In 1999 there were 854 households, out of which 30% had children under the age of 18 living with them and 21.3% of all households were made up of individuals. The average household size was 2.5.

In 2006 there were 52 criminal offences (24 crimes per 1000 people).

===Population by year===
The population is counted by the residential registration office for 31 December each year.
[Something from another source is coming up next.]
(* Let $X=\bigsqcup_{\lambda\in\Lambda}G_\lambda$ be an MCQ, $R$ a ring and $M$ a left $R$-module. For every 6-tuple $(f_1,f_2,f_3,f_4;\phi_1,\phi_2)$ of maps ($f_1,f_2:X\times X\to R$, $f_3,f_4:\bigsqcup_\lambda(G_\lambda\times G_\lambda)\to R$, $\phi_1:X\times X\to M$, $\phi_2:\bigsqcup_\lambda(G_\lambda\times G_\lambda)\to M$) satisfying conditions (0-i)–(4-$\phi$), there exists an augmented MCQ Alexander pair $(g_1,g_2;\psi_1,\psi_2)$ (with $g_1,g_2:X\times X\to R$, $\psi_1:X\times X\to M$, $\psi_2:\bigsqcup_\lambda(G_\lambda\times G_\lambda)\to M$) such that the MCQs $\widetilde X(f_1,f_2,f_3,f_4;\phi_1,\phi_2)$ and $\widetilde X(g_1,g_2;\psi_1,\psi_2)$ are isomorphic.
   Context: A multiple conjugation quandle (MCQ) is a set $X=\bigsqcup_{\lambda\in\Lambda}G_\lambda$ that is a disjoint union of groups $G_\lambda$, together with a binary operation $\triangleleft:X\times X\to X$ such that: (i) for all $a,b\in G_\lambda$, $a\triangleleft b=b^{-1}ab$; (ii) for all $x\in X$ and $a,b\in G_\lambda$, $x\triangleleft e_\lambda=x$ and $x\triangleleft(ab)=(x\triangleleft a)\triangleleft b$, where $e_\lambda$ is the identity of $G_\lambda$; (iii) for all $x,y,z\in X$, $(x\triangleleft y)\triangleleft z=(x\triangleleft z)\triangleleft(y\triangleleft z)$; (iv) for all $x\in X$ and $a,b\in G_\lambda$, the elements $a\triangleleft x$ and $b\triangleleft x$ lie in a common group $G_\mu$ and $(ab)\triangleleft x=(a\triangleleft x)(b\triangleleft x)$. For $x\in X$, $G_x$ denotes the group containing $x$, $e_x$ its identity, $x^{-1}$ the inverse of $x$ in $G_x$. $\bigsqcup_{\lambda}(G_\lambda\times G_\lambda)$ is the set of pairs of elements lying in a common group $G_\lambda$. An MCQ isomorphism is a bijection $f$ with $f(x\triangleleft y)=f(x)\triangleleft f(y)$ for all $x,y$ and $f(ab)=f(a)f(b)$ whenever $a,b$ lie in a common group. Rings have a multiplicative identity $1\neq0$ and need not be commutative. Conditions (0-i)–(4-$\phi$) on a 6-tuple $(f_1,f_2,f_3,f_4;\phi_1,\phi_2)$: For all $\lambda$ and $a,b,c\in G_\lambda$: (0-i) $f_3(a,b)$, $f_4(a,b)$ invertible; (0-ii) $f_3(ab,c)f_3(a,b)=f_3(a,bc)$; (0-iii) $f_3(ab,c)f_4(a,b)=f_4(a,bc)f_3(b,c)$; (0-iv) $f_4(ab,c)=f_4(a,bc)f_4(b,c)$; (0-$\phi$) $f_3(ab,c)\phi_2(a,b)+\phi_2(ab,c)=f_4(a,bc)\phi_2(b,c)+\phi_2(a,bc)$. For all $a,b\in G_\lambda$: (1-i) $f_1(a,b)=f_4(b^{-1},ab)f_3(a,b)$; (1-ii) $f_3(b,b^{-1}ab)+f_4(b,b^{-1}ab)f_2(a,b)=f_4(a,b)$; (1-$\phi$) $f_4(b,b^{-1}ab)\phi_1(a,b)+\phi_2(b,b^{-1}ab)=\phi_2(a,b)$. For all $x\in X$, $a,b\in G_\lambda$: (2-i) $f_1(x,e_\lambda)=1$; (2-ii) $f_1(x,ab)=f_1(x\triangleleft a,b)f_1(x,a)$; (2-iii) $f_2(x,ab)f_3(a,b)=f_1(x\triangleleft a,b)f_2(x,a)$; (2-iv) $f_2(x,ab)f_4(a,b)=f_2(x\triangleleft a,b)$; (2-$\phi$i) $f_2(x,e_\lambda)\phi_2(e_\lambda,e_\lambda)=\phi_1(x,e_\lambda)$; (2-$\phi$ii) $f_2(x,ab)\phi_2(a,b)+\phi_1(x,ab)=f_1(x\triangleleft a,b)\phi_1(x,a)+\phi_1(x\triangleleft a,b)$. For all $x,y,z\in X$: (3-i) $f_1(x\triangleleft y,z)f_1(x,y)=f_1(x\triangleleft z,y\triangleleft z)f_1(x,z)$; (3-ii) $f_1(x\triangleleft y,z)f_2(x,y)=f_2(x\triangleleft z,y\triangleleft z)f_1(y,z)$; (3-iii) $f_2(x\triangleleft y,z)=f_1(x\triangleleft z,y\triangleleft z)f_2(x,z)+f_2(x\triangleleft z,y\triangleleft z)f_2(y,z)$; (3-$\phi$) $f_1(x\triangleleft y,z)\phi_1(x,y)+\phi_1(x\triangleleft y,z)=f_1(x\triangleleft z,y\triangleleft z)\phi_1(x,z)+f_2(x\triangleleft z,y\triangleleft z)\phi_1(y,z)+\phi_1(x\triangleleft z,y\triangleleft z)$. For all $a,b\in G_\lambda$, $x\in X$: (4-i) $f_1(ab,x)f_3(a,b)=f_3(a\triangleleft x,b\triangleleft x)f_1(a,x)$; (4-ii) $f_1(ab,x)f_4(a,b)=f_4(a\triangleleft x,b\triangleleft x)f_1(b,x)$; (4-iii) $f_2(ab,x)=f_3(a\triangleleft x,b\triangleleft x)f_2(a,x)+f_4(a\triangleleft x,b\triangleleft x)f_2(b,x)$; (4-$\phi$) $f_1(ab,x)\phi_2(a,b)+\phi_1(ab,x)=f_3(a\triangleleft x,b\triangleleft x)\phi_1(a,x)+f_4(a\triangleleft x,b\triangleleft x)\phi_1(b,x)+\phi_2(a\triangleleft x,b\triangleleft x)$. For such a 6-tuple, $\widetilde X(f_1,f_2,f_3,f_4;\phi_1,\phi_2)$ is the MCQ $\bigsqcup_\lambda(G_\lambda\times M)$ with $(x,u)\triangleleft(y,v)=(x\triangleleft y,\ f_1(x,y)u+f_2(x,y)v+\phi_1(x,y))$ and, for $a,b\in G_\lambda$, $(a,u)(b,v)=(ab,\ f_3(a,b)u+f_4(a,b)v+\phi_2(a,b))$. An MCQ Alexander pair is a pair of maps $g_1,g_2:X\times X\to R$ such that: (A1) for all $a,b\in G_\lambda$: $g_1(a,b)+g_2(a,b)=g_1(a,a^{-1}b)$; (A2) for all $a,b\in G_\lambda$, $x\in X$: $g_1(a,x)=g_1(b,x)$ and $g_2(ab,x)=g_2(a,x)+g_1(b\triangleleft x,a^{-1}\triangleleft x)g_2(b,x)$; (A3) for all $x\in X$, $a,b\in G_\lambda$: $g_1(x,e_\lambda)=1$, $g_1(x,ab)=g_1(x\triangleleft a,b)g_1(x,a)$, $g_2(x,ab)=g_1(x\triangleleft a,b)g_2(x,a)$; (A4) for all $x,y,z\in X$: $g_1(x\triangleleft y,z)g_1(x,y)=g_1(x\triangleleft z,y\triangleleft z)g_1(x,z)$; $g_1(x\triangleleft y,z)g_2(x,y)=g_2(x\triangleleft z,y\triangleleft z)g_1(y,z)$; $g_2(x\triangleleft y,z)=g_1(x\triangleleft z,y\triangleleft z)g_2(x,z)+g_2(x\triangleleft z,y\triangleleft z)g_2(y,z)$. For an MCQ Alexander pair $(g_1,g_2)$, a $(g_1,g_2)$-twisted 2-cocycle is a pair $\psi_1:X\times X\to M$, $\psi_2:\bigsqcup_\lambda(G_\lambda\times G_\lambda)\to M$ with: (T1) for $a,b,c\in G_\lambda$: $\psi_2(a,b)+\psi_2(ab,c)=g_1(a,a^{-1})\psi_2(b,c)+\psi_2(a,bc)$; (T2) for $a,b\in G_\lambda$: $g_1(b,b^{-1})\psi_1(a,b)+\psi_2(b,b^{-1}ab)=\psi_2(a,b)$; (T3) for $x\in X$, $a,b\in G_\lambda$: $g_2(x,ab)\psi_2(a,b)+\psi_1(x,ab)=g_1(x\triangleleft a,b)\psi_1(x,a)+\psi_1(x\triangleleft a,b)$; (T4) for $x,y,z\in X$: $g_1(x\triangleleft y,z)\psi_1(x,y)+\psi_1(x\triangleleft y,z)=g_1(x\triangleleft z,y\triangleleft z)\psi_1(x,z)+g_2(x\triangleleft z,y\triangleleft z)\psi_1(y,z)+\psi_1(x\triangleleft z,y\triangleleft z)$; (T5) for $a,b\in G_\lambda$, $x\in X$: $g_1(ab,x)\psi_2(a,b)+\psi_1(ab,x)=\psi_1(a,x)+g_1(a\triangleleft x,a^{-1}\triangleleft x)\psi_1(b,x)+\psi_2(a\triangleleft x,b\triangleleft x)$. $(g_1,g_2;\psi_1,\psi_2)$ is an augmented MCQ Alexander pair if $(g_1,g_2)$ is an MCQ Alexander pair and $(\psi_1,\psi_2)$ is a $(g_1,g_2)$-twisted 2-cocycle. For such a pair, $\widetilde X(g_1,g_2;\psi_1,\psi_2)$ is the MCQ $\bigsqcup_\lambda(G_\lambda\times M)$ with $(x,u)\triangleleft(y,v)=(x\triangleleft y,\ g_1(x,y)u+g_2(x,y)v+\psi_1(x,y))$ and, for $a,b\in G_\lambda$, $(a,u)(b,v)=(ab,\ u+g_1(a,a^{-1})v+\psi_2(a,b))$. *)

theory Defs
  imports Main
begin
| 1987 | 1988 | 1989 | 1990 | 1991 | 1992 | 1993 | 1994 | 1995 | 1996 |
| 1,997 | 1,984 | 1,969 | 1,994 | 2,012 | 2,034 | 2,040 | 2,049 | 2,055 | 2,070 |

| 1997 | 1998 | 1999 | 2000 | 2001 | 2002 | 2003 | 2004 | 2005 | 2006 |
| 2,083 | 2,096 | 2,097 | 2,107 | 2,123 | 2,132 | 2,140 | 2,135 | 2,198 | 2,198 |

| 2007 | 2008 | 2009 | 2010 | 2011 |
| 2,220 | 2,194 | 2,192 | 2,171 | 2,204 |

==Education==
There was one elementary school and no secondary school in Altengamme.

==Politics==
These are the results of Altengamme in the Hamburg state election:

| Year | SPD | Greens | CDU | Left | AfD | FDP | Others |
|---|---|---|---|---|---|---|---|
| 2020 | 37,6 % | 19,3 % | 16,7 % | 07,5 % | 05,8 % | 05,1 % | 08,0 % |
| 2015 | 45,3 % | 12,5 % | 21,1 % | 04,1 % | 05,2 % | 07,5 % | 04,3 % |
| 2011 | 49,4 % | 09,7 % | 28,4 % | 03,4 % | – | 05,7 % | 03,4 % |
| 2008 | 31,0 % | 09,5 % | 49,1 % | 03,2 % | – | 04,8 % | 02,5 % |
| 2004 | 26,3 % | 08,7 % | 55,5 % | – | – | 04,3 % | 05,2 % |
| 2001 | 35,0 % | 07,1 % | 35,8 % | 00,2 % | – | 04,6 % | 17,4 % |
| 1997 | 32,4 % | 12,4 % | 39,2 % | 00,0 % | – | 03,8 % | 12,2 % |
| 1993 | 40,8 % | 09,7 % | 34,0 % | – | – | 04,2 % | 11,3 % |

==Infrastructure==

===Health systems===
In Altengamme are one day care center for children, three physicians in private practice and no pharmacy.

===Transportation===
Altengamme is not serviced by the rapid transit system of the city train or the underground railway. Public transport is provided by buses.

According to the Department of Motor Vehicles (Kraftfahrt-Bundesamt), in the quarter were 1,185 private cars registered (539 cars/1000 people). There were 5 traffic accidents total, all 5 traffic accidents with damage to persons.